• Task material:
definition chart_x ::
    "'n \<Rightarrow> ('n \<times> bool \<times> bool \<Rightarrow> 'm) \<Rightarrow> ('m \<Rightarrow> 'n) \<Rightarrow> complex ^ 'n ^ 'm \<Rightarrow> complex ^ 'n" where
  "chart_x j e i G = (\<chi> t. if t = j then 1
     else Complex (chart_param e i G (t, False, False)) (chart_param e i G (t, False, True)))"

definition chart_y ::
    "'n \<Rightarrow> ('n \<times> bool \<times> bool \<Rightarrow> 'm) \<Rightarrow> ('m \<Rightarrow> 'n) \<Rightarrow> complex ^ 'n ^ 'm \<Rightarrow> complex ^ 'n" where
  "chart_y j e i G = (\<chi> t. Complex (chart_param e i G (t, True, False))
     (if t = j then 0 else chart_param e i G (t, True, True)))"

definition chart_w ::
    "'n \<Rightarrow> ('n \<times> bool \<times> bool \<Rightarrow> 'm) \<Rightarrow> ('m \<Rightarrow> 'n) \<Rightarrow> complex ^ 'n ^ 'm \<Rightarrow> 'm \<Rightarrow> complex ^ 'n" where
  "chart_w j e i G k = chart_x j e i G - cis (Re (G $ k $ i k)) *s chart_y j e i G"

definition chart_g :: "('m \<Rightarrow> 'n) \<Rightarrow> complex ^ 'n ^ 'm \<Rightarrow> 'm \<Rightarrow> complex ^ 'n" where
  "chart_g i G k = (\<chi> t. if t = i k then 0 else G $ k $ t)"

text \<open>|w|^2 times the orthogonal projection of g onto the complement of w, written without
  division so that it is smooth in w.\<close>

definition perp_scaled :: "complex ^ 'n \<Rightarrow> complex ^ 'n \<Rightarrow> complex ^ 'n" where
  "perp_scaled w g = cinner w w *s g - cinner g w *s w"

definition ambiguity_chart ::
    "'n \<Rightarrow> ('n \<times> bool \<times> bool \<Rightarrow> 'm) \<Rightarrow> ('m \<Rightarrow> 'n) \<Rightarrow> complex ^ 'n ^ 'm \<Rightarrow> complex ^ 'n ^ 'm" where
  "ambiguity_chart j e i G = (\<chi> k. perp_scaled (chart_w j e i G k) (chart_g i G k))"

lemma differentiable_ambiguity_chart:
  fixes G0 :: "complex ^ 'n ^ 'm"
  shows "ambiguity_chart j e i differentiable (at G0)"
proof -
  have entry: "(\<lambda>G::complex ^ 'n ^ 'm. G $ k $ t) differentiable (at G0)" for k t
    by (intro bounded_linear_imp_differentiable
        bounded_linear_compose[OF bounded_linear_vec_nth bounded_linear_vec_nth])
  have param: "(\<lambda>G. chart_param e i G p) differentiable (at G0)" for p
    unfolding chart_param_def
    by (rule bounded_linear_differentiable_compose[OF bounded_linear_Im entry])
  have x: "(\<lambda>G. chart_x j e i G $ t) differentiable (at G0)" for t
    by (cases "t = j") (simp_all add: chart_x_def differentiable_Complex param)
  have y: "(\<lambda>G. chart_y j e i G $ t) differentiable (at G0)" for t
    by (cases "t = j") (simp_all add: chart_y_def differentiable_Complex param)
  have w: "(\<lambda>G. chart_w j e i G k $ t) differentiable (at G0)" for k t
    unfolding chart_w_def using x y
    by (simp add: differentiable_cis
        bounded_linear_differentiable_compose[OF bounded_linear_Re entry])
  have g: "(\<lambda>G. chart_g i G k $ t) differentiable (at G0)" for k t
    by (cases "t = i k") (simp_all add: chart_g_def entry)
  show ?thesis
    unfolding ambiguity_chart_def perp_scaled_def
    by (intro differentiable_vec_lambda) (simp add: differentiable_cinner w g)
qed

lemma negligible_ambiguity_chart_image:
  "negligible (ambiguity_chart j e i ` {G :: complex ^ 'n ^ 'm. Im (G $ k0 $ i k0) = 0})"
proof (rule negligible_differentiable_image_negligible)
  let ?a = "axis k0 (axis (i k0) \<i>) :: complex ^ 'n ^ 'm"
  have "{G :: complex ^ 'n ^ 'm. Im (G $ k0 $ i k0) = 0} = {G. ?a \<bullet> G = 0}"
    by (auto simp: inner_commute[of ?a] inner_axis inner_complex_def)
  then show "negligible {G :: complex ^ 'n ^ 'm. Im (G $ k0 $ i k0) = 0}"
    using negligible_hyperplane[of ?a 0] by simp
  show "ambiguity_chart j e i differentiable_on {G. Im (G $ k0 $ i k0) = 0}"
    unfolding differentiable_on_def
    using differentiable_ambiguity_chart differentiable_at_withinI by blast
qed simp

lemma perp_scaled_onto_orthogonal:
  assumes "w $ t \<noteq> 0" "cinner v w = 0"
  shows "\<exists>g. g $ t = 0 \<and> perp_scaled w g = v"
proof -
  have "w \<noteq> 0"
    using assms(1) by auto
  define a where "a = v $ t / w $ t"
  define g where "g = (1 / cinner w w) *s (v - a *s w)"
  have "g $ t = 0"
    using assms(1) by (simp add: g_def a_def)
  moreover have "cinner g w = - a"
    using \<open>w \<noteq> 0\<close> assms(2) by (simp add: g_def cinner_scale_left cinner_diff_left)
  then have "perp_scaled w g = v"
    using \<open>w \<noteq> 0\<close> by (auto simp: perp_scaled_def g_def vec_eq_iff algebra_simps)
  with \<open>g $ t = 0\<close> show ?thesis
    by blast
qed

lemma ambiguity_chart_covers:
  fixes F :: "complex ^ 'n ^ 'm"
  assumes e: "inj_on e (free_params j)" "k0 \<notin> e ` free_params j"
    and x: "x $ j = 1" and y: "Im (y $ j) = 0" and c: "\<And>k. cmod (c k) = 1"
    and amb: "\<And>k. cinner x (F $ k) = c k * cinner y (F $ k)"
    and pivot: "\<And>k. (x - c k *s y) $ i k \<noteq> 0"
  shows "F \<in> ambiguity_chart j e i ` {G. Im (G $ k0 $ i k0) = 0}"
proof -
  define w where "w k = x - c k *s y" for k
  have "cinner (F $ k) (w k) = 0" for k
    using amb[of k] by (subst cinner_commute) (simp add: w_def cinner_diff_left cinner_scale_left)
  then have "\<forall>k. \<exists>g. g $ i k = 0 \<and> perp_scaled (w k) g = F $ k"
    using perp_scaled_onto_orthogonal pivot unfolding w_def by blast
  then obtain g where g: "\<And>k. g k $ i k = 0" "\<And>k. perp_scaled (w k) (g k) = F $ k"
    by metis
  define coord where "coord p = (case p of (t, b, im) \<Rightarrow>
      (if im then Im else Re) ((if b then y else x) $ t))" for p
  define G :: "complex ^ 'n ^ 'm" where "G = (\<chi> k t. if t = i k
      then Complex (Arg (c k))
        (if k \<in> e ` free_params j then coord (inv_into (free_params j) e k) else 0)
      else g k $ t)"
  have "chart_param e i G p = coord p" if "p \<in> free_params j" for p
    using that e(1) by (simp add: chart_param_def G_def)
  moreover have "(j, True, False) \<in> free_params j" "t \<noteq> j \<Longrightarrow> (t, b, im) \<in> free_params j"
    for t b im
    by (auto simp: free_params_def)
  ultimately have "chart_x j e i G = x" "chart_y j e i G = y"
    using x y by (auto simp: vec_eq_iff chart_x_def chart_y_def coord_def complex_eq_iff)
  moreover have "cis (Re (G $ k $ i k)) = c k" for k
    using c[of k] by (simp add: G_def cis_Arg_unimodular)
  ultimately have "chart_w j e i G k = w k" for k
    by (simp add: chart_w_def w_def)
  moreover have "chart_g i G k = g k" for k
    using g(1) by (auto simp: chart_g_def G_def vec_eq_iff)
  ultimately have "ambiguity_chart j e i G = F"
    by (simp add: ambiguity_chart_def g(2) vec_nth_inverse)
  moreover have "Im (G $ k0 $ i k0) = 0"
    using e(2) by (simp add: G_def)
  ultimately show ?thesis
    by blast
qed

• Problem:
Find the lines of the listing above that hold "shows". Please copy them.

• Finished task:
  shows "ambiguity_chart j e i differentiable (at G0)"
  shows "\<exists>g. g $ t = 0 \<and> perp_scaled w g = v"
  shows "F \<in> ambiguity_chart j e i ` {G. Im (G $ k0 $ i k0) = 0}"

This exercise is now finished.